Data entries

lemma card_inversions_Un_right:
  assumes "finite m" "finite n" "finite p" "n \<inter> p = {}"
  shows "card (inversions m (n \<union> p)) = card (inversions m n) + card (inversions m p)"
proof -
  have "inversions m (n \<union> p) = inversions m n \<union> inversions m p"
    and "inversions m n \<inter> inversions m p = {}"
    using assms(4) by (auto simp: inversions_def)
  then show ?thesis by (simp add: card_Un_disjoint finite_inversions assms)
qed

lemma card_inversions_swap:
  assumes "finite m" "finite n" "m \<inter> n = {}"
  shows "card (inversions m n) + card (inversions n m) = card m * card n"
proof -
  let ?B = "{(i, j). i \<in> m \<and> j \<in> n \<and> i < j}"
  have "inversions n m = prod.swap ` ?B"
    by (auto simp: inversions_def image_iff)
  then have "card (inversions n m) = card ?B"
    by (simp add: card_image)
  moreover have "m \<times> n = inversions m n \<union> ?B"
    using assms(3) by (auto simp: inversions_def linorder_neq_iff)
  moreover have "inversions m n \<inter> ?B = {}"
    by (auto simp: inversions_def)
  moreover have "finite ?B"
    by (rule finite_subset[of _ "m \<times> n"]) (auto simp: assms)
  ultimately have "card (m \<times> n) = card (inversions m n) + card (inversions n m)"
    by (simp add: card_Un_disjoint finite_inversions assms)
  then show ?thesis by (simp add: card_cartesian_product)
qed

lemma gsign_cocycle:
  assumes "finite p" "finite q" "finite r" "p \<inter> q = {}" "p \<inter> r = {}" "q \<inter> r = {}"
  shows "gsign p q * gsign (p \<union> q) r = gsign p (q \<union> r) * gsign q r"
  using assms by (simp add: gsign_eq_inversions card_inversions_Un_left card_inversions_Un_right
      Int_Un_distrib Int_Un_distrib2 power_add)

lemma gsign_swap_even:
  assumes "finite m" "finite n" "even (card m)"
  shows "gsign n m = gsign m n"
proof (cases "m \<inter> n = {}")
  case True
  then have "even (card (inversions m n) + card (inversions n m))"
    using card_inversions_swap assms by simp
  then have "(-1::real) ^ card (inversions n m) = (-1) ^ card (inversions m n)"
    by (metis even_add neg_one_even_power neg_one_odd_power)
  then show ?thesis using True by (simp add: gsign_eq_inversions Int_commute)
qed (simp add: gsign_def Int_commute)

lemma gsign_empty [simp]: "gsign {} l = 1" "gsign l {} = 1"
  by (simp_all add: gsign_def)

lemma gmul_assoc: "gmul (gmul x y) z = gmul x (gmul y z)"
proof
  fix l
  show "gmul (gmul x y) z l = gmul x (gmul y z) l"
  proof (cases "finite l")
    case fin: True
    let ?F = "\<lambda>p q. gsign p (l - p) * gsign q (l - p - q) * x p * y q * z (l - p - q)"
    have "gmul (gmul x y) z l
        = (\<Sum>m\<in>Pow l. \<Sum>p\<in>Pow m. gsign p (m - p) * gsign m (l - m) * x p * y (m - p) * z (l - m))"
      unfolding gmul_def by (simp add: sum_distrib_left sum_distrib_right mult_ac)
    also have "\<dots> = (\<Sum>(m, p)\<in>Sigma (Pow l) Pow. gsign p (m - p) * gsign m (l - m) * x p * y (m - p) * z (l - m))"
      by (rule sum.Sigma) (auto intro: finite_subset[OF _ fin])
    also have "\<dots> = (\<Sum>(p, q)\<in>Sigma (Pow l) (\<lambda>p. Pow (l - p)). ?F p q)"
    proof (rule sum.reindex_bij_witness[where i = "\<lambda>(p, q). (p \<union> q, p)" and j = "\<lambda>(m, p). (p, m - p)"])
      fix mp assume "mp \<in> Sigma (Pow l) Pow"
      then obtain m p where mp: "mp = (m, p)" "m \<subseteq> l" "p \<subseteq> m" by auto
      then have "finite p" "finite (m - p)" "finite (l - m)"
        using fin by (auto intro: finite_subset)
      then have "gsign p (m - p) * gsign (p \<union> (m - p)) (l - m)
          = gsign p ((m - p) \<union> (l - m)) * gsign (m - p) (l - m)"
        using mp by (intro gsign_cocycle) auto
      moreover have "(m - p) \<union> (l - m) = l - p" "p \<union> (m - p) = m" "l - p - (m - p) = l - m"
        using mp by auto
      ultimately show "(\<lambda>(p, q). ?F p q) ((\<lambda>(m, p). (p, m - p)) mp)
          = (\<lambda>(m, p). gsign p (m - p) * gsign m (l - m) * x p * y (m - p) * z (l - m)) mp"
        using mp by simp
    qed auto
    also have "\<dots> = (\<Sum>p\<in>Pow l. \<Sum>q\<in>Pow (l - p). ?F p q)"
      by (rule sum.Sigma[symmetric]) (auto intro: finite_subset[OF _ fin])
    also have "\<dots> = gmul x (gmul y z) l"
      unfolding gmul_def by (simp add: sum_distrib_left sum_distrib_right mult_ac)
    finally show ?thesis .
  qed (simp add: gmul_def)
qed

lemma gmul_gadd_left: "gmul (gadd x y) z = gadd (gmul x z) (gmul y z)"
  by (rule ext) (simp add: gmul_def gadd_def algebra_simps sum.distrib)

lemma gmul_gconst_left:
  assumes "\<And>l. x l \<noteq> 0 \<Longrightarrow> finite l"
  shows "gmul (gconst c) x = gscale c x"
proof
  fix l
  show "gmul (gconst c) x l = gscale c x l"
  proof (cases "finite l")
    case True
    then have "gmul (gconst c) x l = (\<Sum>m\<in>Pow l. if m = {} then c * x l else 0)"
      unfolding gmul_def gconst_def by (intro sum.cong) auto
    with True show ?thesis by (simp add: gscale_def)
  qed (use assms in \<open>auto simp: gmul_def gscale_def\<close>)
qed

lemma gmul_nonzero_split:
  assumes "gmul x y l \<noteq> 0"
  obtains m where "finite l" "m \<subseteq> l" "x m \<noteq> 0" "y (l - m) \<noteq> 0"
proof -
  have "finite l"
    using assms by (auto simp: gmul_def intro: ccontr)
  moreover have "\<exists>m\<in>Pow l. gsign m (l - m) * x m * y (l - m) \<noteq> 0"
    using assms unfolding gmul_def by (meson sum.neutral)
  ultimately show thesis using that by auto
qed

lemma body_gmul: "body (gmul x y) = body x * body y"
  by (simp add: gmul_def body_def)

lemma card_split_subset: "finite l \<Longrightarrow> m \<subseteq> l \<Longrightarrow> card l = card m + card (l - m)"
  using card_Int_Diff[of l m] by (simp add: Int_absorb1)

lemma RS_finite: "x \<in> RS N \<Longrightarrow> x l \<noteq> 0 \<Longrightarrow> finite l"
  unfolding RS_def by (auto intro: finite_subset)

lemma RS_gmul: "x \<in> RS N \<Longrightarrow> y \<in> RS N \<Longrightarrow> gmul x y \<in> RS N"
  unfolding RS_def by (blast elim: gmul_nonzero_split)

lemma gmul_parity:
  assumes "gmul x y l \<noteq> 0"
    and "\<And>m. x m \<noteq> 0 \<Longrightarrow> P (card m)" "\<And>m. y m \<noteq> 0 \<Longrightarrow> Q (card m)"
  obtains p q where "P p" "Q q" "card l = p + q"
proof -
  obtain m where "finite l" "m \<subseteq> l" "x m \<noteq> 0" "y (l - m) \<noteq> 0"
    using assms(1) by (rule gmul_nonzero_split)
  then show thesis using that assms(2,3) card_split_subset by metis
qed

lemma geven_gmul: "geven N x \<Longrightarrow> geven N y \<Longrightarrow> geven N (gmul x y)"
  unfolding geven_def
proof (intro conjI allI impI)
  fix l assume "x \<in> RS N \<and> (\<forall>l. x l \<noteq> 0 \<longrightarrow> even (card l))"
    and "y \<in> RS N \<and> (\<forall>l. y l \<noteq> 0 \<longrightarrow> even (card l))" and "gmul x y l \<noteq> 0"
  then obtain p q where "even p" "even q" "card l = p + q"
    using gmul_parity[of x y l "even" "even"] by blast
  then show "even (card l)" by simp
qed (simp_all add: RS_gmul)

lemma godd_gmul: "godd N x \<Longrightarrow> godd N y \<Longrightarrow> geven N (gmul x y)"
  unfolding geven_def godd_def
proof (intro conjI allI impI)
  fix l assume "x \<in> RS N \<and> (\<forall>l. x l \<noteq> 0 \<longrightarrow> odd (card l))"
    and "y \<in> RS N \<and> (\<forall>l. y l \<noteq> 0 \<longrightarrow> odd (card l))" and "gmul x y l \<noteq> 0"
  then obtain p q where "odd p" "odd q" "card l = p + q"
    using gmul_parity[of x y l "odd" "odd"] by blast
  then show "even (card l)" by simp
qed (simp_all add: RS_gmul)

lemma geven_gadd:
  assumes "geven N x" "geven N y"
  shows "geven N (gadd x y)"
proof -
  have "x l \<noteq> 0 \<or> y l \<noteq> 0" if "gadd x y l \<noteq> 0" for l
    using that by (auto simp: gadd_def)
  with assms show ?thesis unfolding geven_def RS_def by blast
qed

lemma geven_gsub:
  assumes "geven N x" "geven N y"
  shows "geven N (gsub x y)"
proof -
  have "x l \<noteq> 0 \<or> y l \<noteq> 0" if "gsub x y l \<noteq> 0" for l
    using that by (auto simp: gsub_def)
  with assms show ?thesis unfolding geven_def RS_def by blast
qed

lemma geven_gscale: "geven N x \<Longrightarrow> geven N (gscale c x)"
  by (simp add: geven_def RS_def gscale_def)

lemma geven_gconst: "geven N (gconst c)"
  by (simp add: geven_def RS_def gconst_def)

lemma geven_mono: "geven N x \<Longrightarrow> N \<le> M \<Longrightarrow> geven M x"
  by (fastforce simp: geven_def RS_def)

lemma gmul_comm_even:
  assumes x: "\<And>l. x l \<noteq> 0 \<Longrightarrow> finite l \<and> even (card l)"
  shows "gmul x y = gmul y x"
proof
  fix l
  show "gmul x y l = gmul y x l"
  proof (cases "finite l")
    case fin: True
    have "gmul y x l = (\<Sum>m\<in>Pow l. gsign (l - m) m * y (l - m) * x m)"
      unfolding gmul_def
      by (rule sum.reindex_bij_witness[where i = "\<lambda>m. l - m" and j = "\<lambda>m. l - m"])
         (auto simp: Diff_Diff_Int Int_absorb1)
    also have "\<dots> = (\<Sum>m\<in>Pow l. gsign m (l - m) * x m * y (l - m))"
    proof (rule sum.cong)
      fix m assume "m \<in> Pow l"
      then show "gsign (l - m) m * y (l - m) * x m = gsign m (l - m) * x m * y (l - m)"
        using x[of m] fin gsign_swap_even[of m "l - m"] by (cases "x m = 0") auto
    qed simp
    finally show ?thesis by (simp add: gmul_def)
  qed (simp add: gmul_def)
qed

lemma gpow_empty: "gpow x j {} = body x ^ j"
  by (induction j) (simp_all add: gconst_def body_gmul[unfolded body_def] body_def)

lemma RS_gpow: "x \<in> RS N \<Longrightarrow> gpow x j \<in> RS N"
  by (induction j) (simp_all add: RS_gmul, simp add: RS_def gconst_def)

lemma gpow_nonzero_card:
  assumes "x \<in> RS N" "body x = 0" "gpow x j l \<noteq> 0"
  shows "j \<le> card l"
  using assms(3)
proof (induction j arbitrary: l)
  case (Suc j)
  then obtain m where m: "finite l" "m \<subseteq> l" "x m \<noteq> 0" "gpow x j (l - m) \<noteq> 0"
    by (auto elim: gmul_nonzero_split)
  have "m \<noteq> {}" using m(3) assms(2) by (auto simp: body_def)
  then have "card m > 0" using m(1,2) by (meson card_gt_0_iff finite_subset)
  with Suc.IH[OF m(4)] card_split_subset[OF m(1,2)] show ?case by simp
qed simp

lemma gpow_nilpotent:
  assumes "x \<in> RS N" "body x = 0"
  shows "gpow x (Suc N) = gconst 0"
proof
  fix l
  show "gpow x (Suc N) l = gconst 0 l"
  proof (rule ccontr)
    assume "gpow x (Suc N) l \<noteq> gconst 0 l"
    then have nz: "gpow x (Suc N) l \<noteq> 0" by (simp add: gconst_def)
    then have "l \<subseteq> {1..N}" using RS_gpow[OF assms(1)] unfolding RS_def by blast
    then have "card l \<le> N" using card_mono[of "{1..N}" l] by simp
    with gpow_nonzero_card[OF assms nz] show False by simp
  qed
qed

WHAT YOU NEED TO DO - Looking at the entries above, say how many lines contain the word "blast". Nothing but the number is needed.

RESPONSE BELOW - 6